FIG. 4A shows first data for defect amount estimation.

FIG. 4B shows second data for defect amount estimation.

FIG. 4C shows a position S corresponding to a defect cross-sectional area and a defect width to be found.

FIG. 5A illustrates a defect width of a defect part D.

FIG. 5B illustrates a defect cross-sectional area of a defect part D.

FIG. 6 illustrates the testing device of FIG. 1 attached to a subject as a testing target.

FIG. 7 illustrates another exemplary configuration of a testing device that can be used for a testing method using a guided wave according to the present invention.

EMBODIMENTS OF THE INVENTION

The following describes preferred embodiments of the present invention, with reference to the drawings. In the following drawings, the same reference numerals are assigned to common elements, and the duplicated description is omitted.

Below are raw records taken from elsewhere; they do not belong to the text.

lemma orbit_fraction_deriv_bounded:
  obtains L where "0 \<le> L" "\<And>\<theta> r. 0 \<le> \<theta> \<Longrightarrow> \<theta> \<le> 1 \<Longrightarrow> 0 < r \<Longrightarrow> r \<le> r0 \<Longrightarrow>
    (\<exists>D. ((\<lambda>z. orbit_x z (\<theta> * period_amp z)) has_real_derivative D) (at r within {0<..r0}) \<and> \<bar>D\<bar> \<le> L) \<and>
    (\<exists>D. ((\<lambda>z. orbit_v z (\<theta> * period_amp z)) has_real_derivative D) (at r within {0<..r0}) \<and> \<bar>D\<bar> \<le> L)"
proof -
  obtain B where B: "0 \<le> B" and \<Phi>': "\<And>\<theta> r. 0 \<le> \<theta> \<Longrightarrow> \<theta> \<le> 1 \<Longrightarrow> 0 < r \<Longrightarrow> r \<le> r0 \<Longrightarrow>
    \<exists>D. ((\<lambda>z. angle z (\<theta> * period_amp z)) has_real_derivative D) (at r within {0<..r0}) \<and> \<bar>D\<bar> \<le> B"
    using angle_fraction_deriv_bounded by blast
  obtain M where M: "0 \<le> M" "\<And>y \<psi>. \<bar>y\<bar> \<le> r0 \<Longrightarrow> dtime y \<psi> \<le> M"
    using dtime_bounds[of r0] by metis
  define L where "L = max 1 M * (1 + \<bar>r0\<bar> * B)"
  have "0 \<le> L" using B by (simp add: L_def)
  moreover have "(\<exists>D. ((\<lambda>z. orbit_x z (\<theta> * period_amp z)) has_real_derivative D) (at r within {0<..r0}) \<and> \<bar>D\<bar> \<le> L) \<and>
    (\<exists>D. ((\<lambda>z. orbit_v z (\<theta> * period_amp z)) has_real_derivative D) (at r within {0<..r0}) \<and> \<bar>D\<bar> \<le> L)"
    if \<theta>: "0 \<le> \<theta>" "\<theta> \<le> 1" and r: "0 < r" "r \<le> r0" for \<theta> r
  proof -
    define \<phi> where "\<phi> = angle r (\<theta> * period_amp r)"
    obtain D where D: "((\<lambda>z. angle z (\<theta> * period_amp z)) has_real_derivative D) (at r within {0<..r0})"
      "\<bar>D\<bar> \<le> B" using \<Phi>'[OF \<theta> r] by blast
    have "\<bar>morse_inv_d1 (- r * cos \<phi>)\<bar> \<le> max 1 M"
      using M(2)[of r \<phi>] r morse_inv_d1_pos[of "- r * cos \<phi>"] by (simp add: dtime_def)
    moreover have "\<bar>r\<bar> \<le> \<bar>r0\<bar>" using r by simp
    ultimately have "\<bar>morse_inv_d1 (- r * cos \<phi>) * (- cos \<phi> + r * sin \<phi> * D)\<bar> \<le> L"
      and v: "\<bar>sin \<phi> + r * (cos \<phi> * D)\<bar> \<le> 1 + \<bar>r0\<bar> * B"
      using abs_rotation_derivative_terms_le[of r "\<bar>r0\<bar>" D B] D(2) unfolding L_def by blast+
    moreover have "1 + \<bar>r0\<bar> * B \<le> L"
      using mult_right_mono[of 1 "max 1 M" "1 + \<bar>r0\<bar> * B"] B by (simp add: L_def)
    ultimately have "\<bar>morse_inv_d1 (- r * cos \<phi>) * (- cos \<phi> + r * sin \<phi> * D)\<bar> \<le> L"
      "\<bar>sin \<phi> + r * (cos \<phi> * D)\<bar> \<le> L" by linarith+
    then show ?thesis using orbit_fraction_has_derivative[OF D(1)] unfolding \<phi>_def by blast
  qed
  ultimately show ?thesis using that by blast
qed

section \<open>Energy parametrisation and the characteristic flow\<close>

lemma U0_morse_inv: "U0 (morse_inv y) = Emin + y\<^sup>2 / 2"
  using morse_sq[of "morse_inv y"] by (simp add: morse_morse_inv height_def field_simps)

lemma morse_inv_pos: "0 < r \<Longrightarrow> 0 < morse_inv r"
  using morse_inv_mono[of 0 r] morse_inv_0 by simp

lemma abs_le_morse_inv_if_U0_le:
  assumes "U0 x \<le> Emin + R\<^sup>2 / 2" "0 \<le> R"
  shows "\<bar>x\<bar> \<le> morse_inv R"
proof -
  have "(morse x)\<^sup>2 \<le> R\<^sup>2" using morse_sq[of x] assms(1) by (simp add: height_def)
  then have "- R \<le> morse x" "morse x \<le> R"
    using assms(2) by (simp_all add: abs_le_square_iff power2_le_iff_abs_le abs_le_iff)
  then have "morse_inv (- R) \<le> x" "x \<le> morse_inv R"
    using morse_inv_mono_le morse_inv_morse by metis+
  then show ?thesis using morse_inv_odd[of R] by auto
qed

lemma xplus_eq_morse_inv:
  assumes "0 < r"
  shows "xplus U0 (Emin + r\<^sup>2 / 2) = morse_inv r"
  unfolding xplus_def
proof (rule the_equality)
  show "0 \<le> morse_inv r \<and> U0 (morse_inv r) = Emin + r\<^sup>2 / 2"
    using morse_inv_pos[OF assms] U0_morse_inv by (simp add: less_imp_le)
  show "x = morse_inv r" if "0 \<le> x \<and> U0 x = Emin + r\<^sup>2 / 2" for x
    using that morse_inv_pos[OF assms] U0_strict_mono U0_morse_inv[of r]
    by (metis atLeast_iff less_eq_real_def linorder_neqE_linordered_idom order_less_irrefl strict_mono_onD)
qed

lemma energy_gap_morse_inv_cos:
  "2 * (Emin + r\<^sup>2 / 2 - U0 (morse_inv (- r * cos \<psi>))) = (r * sin \<psi>)\<^sup>2"
  by (simp add: U0_morse_inv power_mult_distrib algebra_simps sin_squared_eq)

lemma substituted_period_integrand:
  assumes "0 < r" "0 < \<psi>" "\<psi> < pi"
  shows "1 / sqrt (2 * (Emin + r\<^sup>2 / 2 - U0 (morse_inv (- r * cos \<psi>)))) *
      (morse_inv_d1 (- r * cos \<psi>) * (r * sin \<psi>)) = dtime r \<psi>"
proof -
  have "0 < r * sin \<psi>" using sin_gt_zero assms by simp
  then have "sqrt (2 * (Emin + r\<^sup>2 / 2 - U0 (morse_inv (- r * cos \<psi>)))) = r * sin \<psi>"
    unfolding energy_gap_morse_inv_cos by simp
  moreover have "r \<noteq> 0" "sin \<psi> \<noteq> 0" using \<open>0 < r * sin \<psi>\<close> by auto
  ultimately show ?thesis by (simp add: dtime_def)
qed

FIG. 1 illustrates an exemplary configuration of a testing device 3 that can be used for a testing method using a guided wave according to an embodiment of the present invention. The testing device 3 of FIG. 1 is configured to generate an L-mode guided wave so as to propagate through a subject 7 as a testing target made of metal, glass, resin or the like in the longitudinal direction, detect a reflected wave of the guided wave and examine the subject 7 based on the reflected wave. The testing device 3 includes a coil 3a, a magnet 3d, an AC power supply 3b and a detector 3c.

The subject 7 is tubular or a rod-shaped. For instance, the tubular subject 7 may be piping through which fluid flows, and the rod-shaped subject 7 may be a ground anchor, an anchor bolt or a reinforcing iron bar.

The coil 3a is wound around the subject 7. The magnet 3d is disposed so that the north pole 9 thereof is located on one side of the coil 3a in the axial direction of the subject 7, and the south pole 11 thereof is located on the other side of the coil 3a, and the coil 3a is sandwiched between the north pole 9 and the south pole 11. These north pole 9 and south pole 11 are fixed to an outer periphery face of the subject 7 with appropriate means such that these poles are pressed toward the center axis of the subject 7. The detector 3c is connected to the coil 3a for detection of a voltage between both ends of the coil 3a.

Arranging the coil 3a, the magnet 3d and the detector 3c in this way, when AC current is passed through the coil 3a from the AC power supply 3b, an L-mode guided wave is generated in the subject 7, and the guided wave propagates along the longitudinal direction of the subject 7. Such a propagating guided wave is reflected at a defect part such as a flaw or corrosion (wastage) of the subject 7 and returns to the coil 3a side by propagation. The detector 3c detects a voltage generated between both ends of the coil 3a as the reflected wave reaches the part of the subject 7 around which the coil 3a is wound.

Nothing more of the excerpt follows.